**Assigned task**
Nothing may be added, dropped, or altered; restate the listing word for word.

**Data extract**

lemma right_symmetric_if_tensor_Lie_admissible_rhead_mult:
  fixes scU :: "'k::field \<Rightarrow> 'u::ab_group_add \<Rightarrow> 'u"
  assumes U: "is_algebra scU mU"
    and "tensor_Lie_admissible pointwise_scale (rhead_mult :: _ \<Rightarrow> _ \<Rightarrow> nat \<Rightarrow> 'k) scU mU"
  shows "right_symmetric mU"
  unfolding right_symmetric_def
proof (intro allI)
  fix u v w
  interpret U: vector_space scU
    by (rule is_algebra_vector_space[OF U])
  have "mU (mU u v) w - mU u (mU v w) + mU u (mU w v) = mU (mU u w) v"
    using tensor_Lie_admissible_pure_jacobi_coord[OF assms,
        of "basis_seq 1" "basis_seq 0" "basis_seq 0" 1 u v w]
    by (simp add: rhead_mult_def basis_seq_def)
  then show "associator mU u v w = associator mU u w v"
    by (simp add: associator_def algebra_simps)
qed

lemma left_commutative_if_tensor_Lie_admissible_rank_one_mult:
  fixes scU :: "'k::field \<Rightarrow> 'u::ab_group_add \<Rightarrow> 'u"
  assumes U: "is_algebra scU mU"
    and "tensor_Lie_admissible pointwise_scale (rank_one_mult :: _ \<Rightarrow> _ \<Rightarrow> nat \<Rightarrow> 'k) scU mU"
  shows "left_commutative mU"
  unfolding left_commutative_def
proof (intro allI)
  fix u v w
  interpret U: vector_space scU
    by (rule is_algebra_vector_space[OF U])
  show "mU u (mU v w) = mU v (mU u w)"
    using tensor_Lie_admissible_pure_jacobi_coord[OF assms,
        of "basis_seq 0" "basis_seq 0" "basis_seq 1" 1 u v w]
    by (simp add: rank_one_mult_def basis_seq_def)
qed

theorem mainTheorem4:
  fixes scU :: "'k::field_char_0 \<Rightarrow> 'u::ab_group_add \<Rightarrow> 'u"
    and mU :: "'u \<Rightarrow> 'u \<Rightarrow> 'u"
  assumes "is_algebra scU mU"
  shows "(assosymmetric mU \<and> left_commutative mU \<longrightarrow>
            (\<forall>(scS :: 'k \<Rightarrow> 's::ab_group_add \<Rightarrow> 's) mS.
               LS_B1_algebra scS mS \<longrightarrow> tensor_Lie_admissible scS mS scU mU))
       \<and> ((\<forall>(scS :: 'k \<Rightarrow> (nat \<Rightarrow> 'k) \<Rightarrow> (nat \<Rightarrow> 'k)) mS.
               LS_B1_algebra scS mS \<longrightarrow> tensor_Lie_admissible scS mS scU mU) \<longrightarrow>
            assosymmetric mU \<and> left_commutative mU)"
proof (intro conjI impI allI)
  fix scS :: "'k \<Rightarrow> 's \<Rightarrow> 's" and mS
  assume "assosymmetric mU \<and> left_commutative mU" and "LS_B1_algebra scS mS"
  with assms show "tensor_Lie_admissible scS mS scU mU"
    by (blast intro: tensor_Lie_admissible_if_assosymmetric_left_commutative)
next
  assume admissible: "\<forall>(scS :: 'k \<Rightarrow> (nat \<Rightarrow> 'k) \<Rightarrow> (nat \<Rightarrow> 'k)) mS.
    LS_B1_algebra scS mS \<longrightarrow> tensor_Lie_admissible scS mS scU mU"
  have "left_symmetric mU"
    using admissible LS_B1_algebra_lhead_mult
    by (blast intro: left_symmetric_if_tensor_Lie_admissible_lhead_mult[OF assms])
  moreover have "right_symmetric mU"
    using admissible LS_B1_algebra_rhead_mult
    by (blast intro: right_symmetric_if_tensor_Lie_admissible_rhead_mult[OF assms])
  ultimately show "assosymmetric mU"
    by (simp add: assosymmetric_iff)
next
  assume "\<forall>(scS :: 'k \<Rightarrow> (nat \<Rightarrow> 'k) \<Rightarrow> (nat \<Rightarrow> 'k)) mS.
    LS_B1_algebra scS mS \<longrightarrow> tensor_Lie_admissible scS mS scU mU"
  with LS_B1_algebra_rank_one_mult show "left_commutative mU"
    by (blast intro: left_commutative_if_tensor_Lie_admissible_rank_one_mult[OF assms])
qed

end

**Reply to the exercise**
lemma right_symmetric_if_tensor_Lie_admissible_rhead_mult:
  fixes scU :: "'k::field \<Rightarrow> 'u::ab_group_add \<Rightarrow> 'u"
  assumes U: "is_algebra scU mU"
    and "tensor_Lie_admissible pointwise_scale (rhead_mult :: _ \<Rightarrow> _ \<Rightarrow> nat \<Rightarrow> 'k) scU mU"
  shows "right_symmetric mU"
  unfolding right_symmetric_def
proof (intro allI)
  fix u v w
  interpret U: vector_space scU
    by (rule is_algebra_vector_space[OF U])
  have "mU (mU u v) w - mU u (mU v w) + mU u (mU w v) = mU (mU u w) v"
    using tensor_Lie_admissible_pure_jacobi_coord[OF assms,
        of "basis_seq 1" "basis_seq 0" "basis_seq 0" 1 u v w]
    by (simp add: rhead_mult_def basis_seq_def)
  then show "associator mU u v w = associator mU u w v"
    by (simp add: associator_def algebra_simps)
qed

lemma left_commutative_if_tensor_Lie_admissible_rank_one_mult:
  fixes scU :: "'k::field \<Rightarrow> 'u::ab_group_add \<Rightarrow> 'u"
  assumes U: "is_algebra scU mU"
    and "tensor_Lie_admissible pointwise_scale (rank_one_mult :: _ \<Rightarrow> _ \<Rightarrow> nat \<Rightarrow> 'k) scU mU"
  shows "left_commutative mU"
  unfolding left_commutative_def
proof (intro allI)
  fix u v w
  interpret U: vector_space scU
    by (rule is_algebra_vector_space[OF U])
  show "mU u (mU v w) = mU v (mU u w)"
    using tensor_Lie_admissible_pure_jacobi_coord[OF assms,
        of "basis_seq 0" "basis_seq 0" "basis_seq 1" 1 u v w]
    by (simp add: rank_one_mult_def basis_seq_def)
qed

theorem mainTheorem4:
  fixes scU :: "'k::field_char_0 \<Rightarrow> 'u::ab_group_add \<Rightarrow> 'u"
    and mU :: "'u \<Rightarrow> 'u \<Rightarrow> 'u"
  assumes "is_algebra scU mU"
  shows "(assosymmetric mU \<and> left_commutative mU \<longrightarrow>
            (\<forall>(scS :: 'k \<Rightarrow> 's::ab_group_add \<Rightarrow> 's) mS.
               LS_B1_algebra scS mS \<longrightarrow> tensor_Lie_admissible scS mS scU mU))
       \<and> ((\<forall>(scS :: 'k \<Rightarrow> (nat \<Rightarrow> 'k) \<Rightarrow> (nat \<Rightarrow> 'k)) mS.
               LS_B1_algebra scS mS \<longrightarrow> tensor_Lie_admissible scS mS scU mU) \<longrightarrow>
            assosymmetric mU \<and> left_commutative mU)"
proof (intro conjI impI allI)
  fix scS :: "'k \<Rightarrow> 's \<Rightarrow> 's" and mS
  assume "assosymmetric mU \<and> left_commutative mU" and "LS_B1_algebra scS mS"
  with assms show "tensor_Lie_admissible scS mS scU mU"
    by (blast intro: tensor_Lie_admissible_if_assosymmetric_left_commutative)
next
  assume admissible: "\<forall>(scS :: 'k \<Rightarrow> (nat \<Rightarrow> 'k) \<Rightarrow> (nat \<Rightarrow> 'k)) mS.
    LS_B1_algebra scS mS \<longrightarrow> tensor_Lie_admissible scS mS scU mU"
  have "left_symmetric mU"
    using admissible LS_B1_algebra_lhead_mult
    by (blast intro: left_symmetric_if_tensor_Lie_admissible_lhead_mult[OF assms])
  moreover have "right_symmetric mU"
    using admissible LS_B1_algebra_rhead_mult
    by (blast intro: right_symmetric_if_tensor_Lie_admissible_rhead_mult[OF assms])
  ultimately show "assosymmetric mU"
    by (simp add: assosymmetric_iff)
next
  assume "\<forall>(scS :: 'k \<Rightarrow> (nat \<Rightarrow> 'k) \<Rightarrow> (nat \<Rightarrow> 'k)) mS.
    LS_B1_algebra scS mS \<longrightarrow> tensor_Lie_admissible scS mS scU mU"
  with LS_B1_algebra_rank_one_mult show "left_commutative mU"
    by (blast intro: left_commutative_if_tensor_Lie_admissible_rank_one_mult[OF assms])
qed

end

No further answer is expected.